━━ Entries supplied

(* Measurability of oplus is never established: the distribution defining concat_measure
   is not degenerate, because the probability measure mu (s + t) is absolutely continuous
   with respect to it. *)
lemma emeasure_concat_measure:
  assumes s: "s > 0" and t: "t > 0" and A: "A \<in> sets (CM (s + t))"
  shows "emeasure (concat_measure \<mu> s t) A = emeasure (\<mu> s \<Otimes>\<^sub>M \<mu> t) (oplus s -` A \<inter> space (\<mu> s \<Otimes>\<^sub>M \<mu> t))"
proof -
  let ?P = "\<mu> s \<Otimes>\<^sub>M \<mu> t"
  let ?\<nu> = "\<lambda>A. emeasure ?P (oplus s -` A \<inter> space ?P)"
  let ?\<Omega> = "space (CM (s + t) :: (real \<times> 'l) set measure)"
  have emeasure_concat: "emeasure (concat_measure \<mu> s t) B =
      (if B \<in> sets (CM (s + t)) \<and> measure_space ?\<Omega> (sets (CM (s + t))) ?\<nu> then ?\<nu> B else 0)" for B
    unfolding concat_measure_def distr_def emeasure_measure_of_conv sets.sigma_sets_eq ..
  have "measure_space ?\<Omega> (sets (CM (s + t))) ?\<nu>"
  proof (rule ccontr)
    assume "\<not> ?thesis"
    then have "?\<Omega> \<in> null_sets (concat_measure \<mu> s t)"
      using emeasure_concat[of ?\<Omega>] by (simp add: null_sets_def concat_measure_def)
    then have "space (\<mu> (s + t)) \<in> null_sets (\<mu> (s + t))"
      using concat_ac_mu[OF s t] sets_eq_imp_space_eq[OF sets_mu[of "s + t"]] s t
      unfolding absolutely_continuous_def by auto
    then show False
      using prob_space.emeasure_space_1[OF prob_space_mu[of "s + t"]] s t by (simp add: null_sets_def)
  qed
  then show ?thesis
    using emeasure_concat[of A] A by simp
qed

lemma emeasure_concat_measure_empty:
  assumes s: "s > 0" and t: "t > 0"
  shows "emeasure (concat_measure \<mu> s t) {{}} = emeasure (\<mu> s) {{}} * emeasure (\<mu> t) {{}}"
proof -
  interpret sigma_finite_measure "\<mu> t"
    using prob_space_mu[OF t] by (rule prob_space_imp_sigma_finite)
  have "oplus s -` {{}} \<inter> space (\<mu> s \<Otimes>\<^sub>M \<mu> t) = {{}} \<times> {{}}"
    using s t by (auto simp: space_pair_measure space_mu oplus_def shift_set_def closed_sets_on_def)
  then have "emeasure (concat_measure \<mu> s t) {{}} = emeasure (\<mu> s \<Otimes>\<^sub>M \<mu> t) ({{}} \<times> {{}})"
    by (simp only: emeasure_concat_measure[OF s t singleton_empty_in_CM[OF compact_UNIV]])
  also have "\<dots> = emeasure (\<mu> s) {{}} * emeasure (\<mu> t) {{}}"
    using singleton_empty_in_sets_mu s t by (intro emeasure_pair_measure_Times)
  finally show ?thesis .
qed

lemma emeasure_empty_add_eq_0_iff:
  assumes s: "s > 0" and t: "t > 0"
  shows "emeasure (\<mu> (s + t)) {{}} = 0 \<longleftrightarrow> emeasure (\<mu> s) {{}} = 0 \<or> emeasure (\<mu> t) {{}} = 0"
proof -
  have "{{}} \<in> sets (\<mu> (s + t))" "{{}} \<in> sets (concat_measure \<mu> s t)"
    using singleton_empty_in_sets_mu s t singleton_empty_in_CM[OF compact_UNIV]
    by (auto simp: concat_measure_def)
  then have "emeasure (\<mu> (s + t)) {{}} = 0 \<longleftrightarrow> emeasure (concat_measure \<mu> s t) {{}} = 0"
    using mu_ac_concat[OF s t] concat_ac_mu[OF s t]
    unfolding absolutely_continuous_def null_sets_def by blast
  then show ?thesis
    using emeasure_concat_measure_empty[OF s t] by simp
qed

lemma emeasure_disjoint_initial_strip:
  assumes s: "s > 0" and t: "t > 0" and empty_null: "emeasure (\<mu> s) {{}} = 0"
  shows "emeasure (\<mu> (s + t)) {F \<in> closed_sets_on (s + t). F \<inter> ({0..s} \<times> UNIV) = {}} = 0"
proof -
  let ?B = "{F \<in> closed_sets_on (s + t). F \<inter> ({0..s} \<times> (UNIV :: 'l set)) = {}}"
  let ?P = "\<mu> s \<Otimes>\<^sub>M \<mu> t"
  interpret sigma_finite_measure "\<mu> t"
    using prob_space_mu[OF t] by (rule prob_space_imp_sigma_finite)
  have B: "?B \<in> sets (CM (s + t))"
    using t by (intro miss_set_in_CM compact_strip) auto
  have "oplus s -` ?B \<inter> space ?P \<subseteq> {{}} \<times> space (\<mu> t)"
    using s t by (auto simp: space_pair_measure space_mu oplus_def closed_sets_on_def)
  then have "emeasure ?P (oplus s -` ?B \<inter> space ?P) \<le> emeasure ?P ({{}} \<times> space (\<mu> t))"
    using singleton_empty_in_sets_mu s by (intro emeasure_mono) auto
  also have "\<dots> = 0"
    using singleton_empty_in_sets_mu s empty_null by (simp add: emeasure_pair_measure_Times)
  finally have "?B \<in> null_sets (concat_measure \<mu> s t)"
    using emeasure_concat_measure[OF s t B] B by (simp add: null_sets_def concat_measure_def)
  then show ?thesis
    using concat_ac_mu[OF s t] unfolding absolutely_continuous_def by auto
qed

lemma ex_small_time_emeasure_empty_nonzero: "\<exists>n::nat. emeasure (\<mu> (1 / (real n + 2))) {{}} \<noteq> 0"
proof (rule ccontr)
  assume "\<nexists>n::nat. emeasure (\<mu> (1 / (real n + 2))) {{}} \<noteq> 0"
  then have empty_null: "emeasure (\<mu> (1 / (real n + 2))) {{}} = 0" for n
    by simp
  define B where "B n = {F \<in> closed_sets_on 1. F \<inter> ({0..1 / (real n + 2)} \<times> (UNIV :: 'l set)) = {}}"
    for n :: nat
  define M0 where "M0 = {F \<in> closed_sets_on 1. F \<inter> ({0} \<times> (UNIV :: 'l set)) = {}}"
  have "B n \<in> null_sets (\<mu> 1)" for n
  proof -
    have small: "1 / (real n + 2) < 1"
      by (simp add: divide_simps)
    then have "emeasure (\<mu> 1) (B n) = 0"
      using emeasure_disjoint_initial_strip[of "1 / (real n + 2)" "1 - 1 / (real n + 2)"] empty_null
      by (simp add: B_def)
    moreover have "B n \<in> sets (\<mu> 1)"
      unfolding B_def sets_mu[OF zero_less_one]
      by (intro miss_set_in_CM compact_strip) (auto intro: order_trans[OF _ less_imp_le[OF small]])
    ultimately show ?thesis
      by (simp add: null_sets_def)
  qed
  then have "(\<Union>n. B n) \<in> null_sets (\<mu> 1)"
    by (intro null_sets_UN)
  moreover have "M0 \<in> sets (\<mu> 1)"
    unfolding M0_def sets_mu[OF zero_less_one]
    by (intro miss_set_in_CM) (use compact_strip[of 0 0] in auto)
  moreover have "M0 \<subseteq> (\<Union>n. B n)"
  proof
    fix F assume F: "F \<in> M0"
    then have "compact F"
      by (auto simp: M0_def intro: compact_closed_sets_on)
    then show "F \<in> (\<Union>n. B n)"
    proof -
      have "F \<subseteq> {0..} \<times> UNIV" "F \<inter> ({0} \<times> UNIV) = {}"
        using F by (auto simp: M0_def closed_sets_on_def)
      then obtain n where "F \<inter> ({0..1 / (real n + 2)} \<times> UNIV) = {}"
        using compact_disjoint_initial_strip[OF \<open>compact F\<close>] by blast
      then show ?thesis
        using F by (auto simp: M0_def B_def)
    qed
  qed
  ultimately have "M0 \<in> null_sets (\<mu> 1)"
    by (rule null_sets_subset)
  moreover have "space (\<mu> 1) - M0 \<in> null_sets (\<mu> 1)"
  proof -
    have "space (\<mu> 1) - M0 = {Z \<in> space (\<mu> 1). Z \<inter> ({0} \<times> UNIV) \<noteq> {}}"
      unfolding M0_def space_mu[OF zero_less_one] by blast
    then have "emeasure (\<mu> 1) (space (\<mu> 1) - M0) = 0"
      using no_fixed_atoms[of 1 0] by simp
    then show ?thesis
      using sets.compl_sets[OF \<open>M0 \<in> sets (\<mu> 1)\<close>] by (simp add: null_sets_def)
  qed
  ultimately have "(space (\<mu> 1) - M0) \<union> M0 \<in> null_sets (\<mu> 1)"
    by (intro null_sets.Un)
  moreover have "(space (\<mu> 1) - M0) \<union> M0 = space (\<mu> 1)"
    using sets.sets_into_space[OF \<open>M0 \<in> sets (\<mu> 1)\<close>] by blast
  ultimately have "space (\<mu> 1) \<in> null_sets (\<mu> 1)"
    by simp
  then show False
    using prob_space.emeasure_space_1[OF prob_space_mu[OF zero_less_one]] by (simp add: null_sets_def)
qed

━━━━

## [Your task]
What is wanted is the line containing "(\<mu> 1) \<in>" and every line after it through the last line of the entries, printed exactly.

## [Task result]
  ultimately have "space (\<mu> 1) \<in> null_sets (\<mu> 1)"
    by simp
  then show False
    using prob_space.emeasure_space_1[OF prob_space_mu[OF zero_less_one]] by (simp add: null_sets_def)
qed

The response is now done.